• Your instructions
For the entries below, the result should be an exact transcription of the lines from the one with "then show ?thesis using real by simp" up to and including the one with "ennreal) \<Rightarrow> 'x", and only those.
(The input)
lemma nn_integral_bind_univ_borel_measurable:
  assumes M: "prob_space M" and \<rho>: "\<rho> \<in> M \<rightarrow>\<^sub>M prob_algebra borel"
    and g: "univ_borel_measurable g"
  shows "(\<integral>\<^sup>+x. g x \<partial>(M \<bind> \<rho>)) = (\<integral>\<^sup>+z. \<integral>\<^sup>+x. g x \<partial>\<rho> z \<partial>M)"
proof -
  obtain g' where g': "g' \<in> borel_measurable borel"
    and ae: "AE x in M \<bind> \<rho>. g x = g' x" and ae_nested: "AE z in M. AE x in \<rho> z. g x = g' x"
    using univ_borel_measurable_AE_eq_bind[OF M \<rho> g] .
  have "(\<integral>\<^sup>+x. g x \<partial>(M \<bind> \<rho>)) = (\<integral>\<^sup>+x. g' x \<partial>(M \<bind> \<rho>))"
    using ae by (rule nn_integral_cong_AE)
  also have "\<dots> = (\<integral>\<^sup>+z. \<integral>\<^sup>+x. g' x \<partial>\<rho> z \<partial>M)"
    using g' measurable_prob_algebraD[OF \<rho>] by (rule nn_integral_bind)
  also have "\<dots> = (\<integral>\<^sup>+z. \<integral>\<^sup>+x. g x \<partial>\<rho> z \<partial>M)"
    using ae_nested by (intro nn_integral_cong_AE) (auto elim!: eventually_mono intro: nn_integral_cong_AE)
  finally show ?thesis .
qed

lemma measurable_nn_integral_kernel_completion:
  assumes M: "prob_space M" and \<rho>: "\<rho> \<in> completion M \<rightarrow>\<^sub>M prob_algebra borel"
    and g: "univ_borel_measurable g"
  shows "(\<lambda>z. \<integral>\<^sup>+x. g x \<partial>\<rho> z) \<in> borel_measurable (completion M)"
proof -
  obtain g' where g': "g' \<in> borel_measurable borel"
    and ae_nested: "AE z in completion M. AE x in \<rho> z. g x = g' x"
    using univ_borel_measurable_AE_eq_bind[OF prob_space.prob_space_completion[OF M] \<rho> g] .
  have "AE z in completion M. (\<integral>\<^sup>+x. g x \<partial>\<rho> z) = (\<integral>\<^sup>+x. g' x \<partial>\<rho> z)"
    using ae_nested by (elim eventually_mono) (rule nn_integral_cong_AE)
  moreover have "(\<lambda>z. \<integral>\<^sup>+x. g' x \<partial>\<rho> z) \<in> borel_measurable (completion M)"
    using measurable_prob_algebraD[OF \<rho>] nn_integral_measurable_subprob_algebra[OF g']
    by (rule measurable_compose)
  ultimately show ?thesis by (rule borel_measurable_completion_AE_cong)
qed

lemma ereal_diff_mult_le_of_ennreal:
  fixes p s \<delta> :: real and m :: ennreal
  assumes s: "0 \<le> s" and \<delta>: "0 \<le> \<delta>" and le: "ennreal p \<le> ennreal s + ennreal \<delta> * m"
  shows "ereal p - ereal \<delta> * enn2ereal m \<le> ereal s"
proof (cases m)
  case (real r)
  with \<delta> have "ennreal p \<le> ennreal (s + \<delta> * r)"
    using le s by (simp add: ennreal_mult ennreal_plus)
  then have "p \<le> s + \<delta> * r" using s \<delta> real by (subst (asm) ennreal_le_iff) auto
  then show ?thesis using real by simp
next
  case top
  show ?thesis
  proof (cases "\<delta> = 0")
    case True
    then have "p \<le> s" using le s by simp
    then show ?thesis using True by (simp add: zero_ereal_def[symmetric])
  next
    case False
    then show ?thesis using top \<delta> by simp
  qed
qed

locale gmdp_dfa_product =
  fixes t :: "'x::polish_space \<Rightarrow> 'u::polish_space \<Rightarrow> 'x measure"
    and h :: "'x \<Rightarrow> 'y::metric_space"
    and L :: "'y \<Rightarrow> 'ap::finite set"
    and \<tau> :: "'q::finite \<Rightarrow> 'ap set \<Rightarrow> 'q"
    and \<mu> :: "'x \<times> 'q \<Rightarrow> 'u measure"
  assumes kernel: "case_prod t \<in> measurable (borel \<Otimes>\<^sub>M borel) (prob_algebra borel)"
    and h_meas: "h \<in> borel_measurable borel"
    and L_meas: "L \<in> measurable borel (count_space UNIV)"
    and policy: "univ_measurable \<mu> (prob_algebra borel)"
begin

abbreviation K :: "('x \<times> 'q \<Rightarrow> ennreal) \<Rightarrow> 'x \<times> 'q \<Rightarrow> ennreal" where
  "K \<equiv> prod_step t h L \<tau> \<mu>"

definition univ_measurable_sections :: "('x \<times> 'q \<Rightarrow> ennreal) \<Rightarrow> bool" where
  "univ_measurable_sections f \<longleftrightarrow> (\<forall>q. univ_borel_measurable (\<lambda>x. f (x, q)))"

definition next_distr :: "'x \<times> 'q \<Rightarrow> 'x measure" where
  "next_distr s = \<mu> s \<bind> t (fst s)"

lemma t_measurable: "t x \<in> borel \<rightarrow>\<^sub>M prob_algebra borel"
  using measurable_compose[OF measurable_Pair1' kernel] by simp

lemma mu_space: "\<mu> s \<in> space (prob_algebra borel)"
proof -
  let ?P = "return (borel \<Otimes>\<^sub>M count_space UNIV) s"
  have "prob_space ?P" by (rule prob_space_return) (simp add: space_pair_measure)
  then have "\<mu> \<in> completion ?P \<rightarrow>\<^sub>M prob_algebra borel"
    using policy unfolding univ_measurable_def by simp
  from measurable_space[OF this, of s] show ?thesis by (simp add: space_pair_measure)
qed

lemma mu_section_measurable:
  assumes P: "prob_space P" "sets P = sets (borel :: 'x measure)"
  shows "(\<lambda>x. \<mu> (x, q)) \<in> completion P \<rightarrow>\<^sub>M prob_algebra borel"
proof -
  let ?f = "\<lambda>x::'x. (x, q)"
  have f: "?f \<in> P \<rightarrow>\<^sub>M borel \<Otimes>\<^sub>M count_space UNIV"
    using P(2) by (simp cong: measurable_cong_sets)
  let ?P' = "distr P (borel \<Otimes>\<^sub>M count_space UNIV) ?f"
  have "prob_space ?P'" using f by (rule prob_space.prob_space_distr[OF P(1)])
  then have "\<mu> \<in> completion ?P' \<rightarrow>\<^sub>M prob_algebra borel"
    using policy unfolding univ_measurable_def by simp
  with measurable_completion_distr[OF f] show ?thesis
    by (rule measurable_compose[where g = \<mu>])
qed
(End The input)
• Output of the exercise
  then show ?thesis using real by simp
next
  case top
  show ?thesis
  proof (cases "\<delta> = 0")
    case True
    then have "p \<le> s" using le s by simp
    then show ?thesis using True by (simp add: zero_ereal_def[symmetric])
  next
    case False
    then show ?thesis using top \<delta> by simp
  qed
qed

locale gmdp_dfa_product =
  fixes t :: "'x::polish_space \<Rightarrow> 'u::polish_space \<Rightarrow> 'x measure"
    and h :: "'x \<Rightarrow> 'y::metric_space"
    and L :: "'y \<Rightarrow> 'ap::finite set"
    and \<tau> :: "'q::finite \<Rightarrow> 'ap set \<Rightarrow> 'q"
    and \<mu> :: "'x \<times> 'q \<Rightarrow> 'u measure"
  assumes kernel: "case_prod t \<in> measurable (borel \<Otimes>\<^sub>M borel) (prob_algebra borel)"
    and h_meas: "h \<in> borel_measurable borel"
    and L_meas: "L \<in> measurable borel (count_space UNIV)"
    and policy: "univ_measurable \<mu> (prob_algebra borel)"
begin

abbreviation K :: "('x \<times> 'q \<Rightarrow> ennreal) \<Rightarrow> 'x \<times> 'q \<Rightarrow> ennreal" where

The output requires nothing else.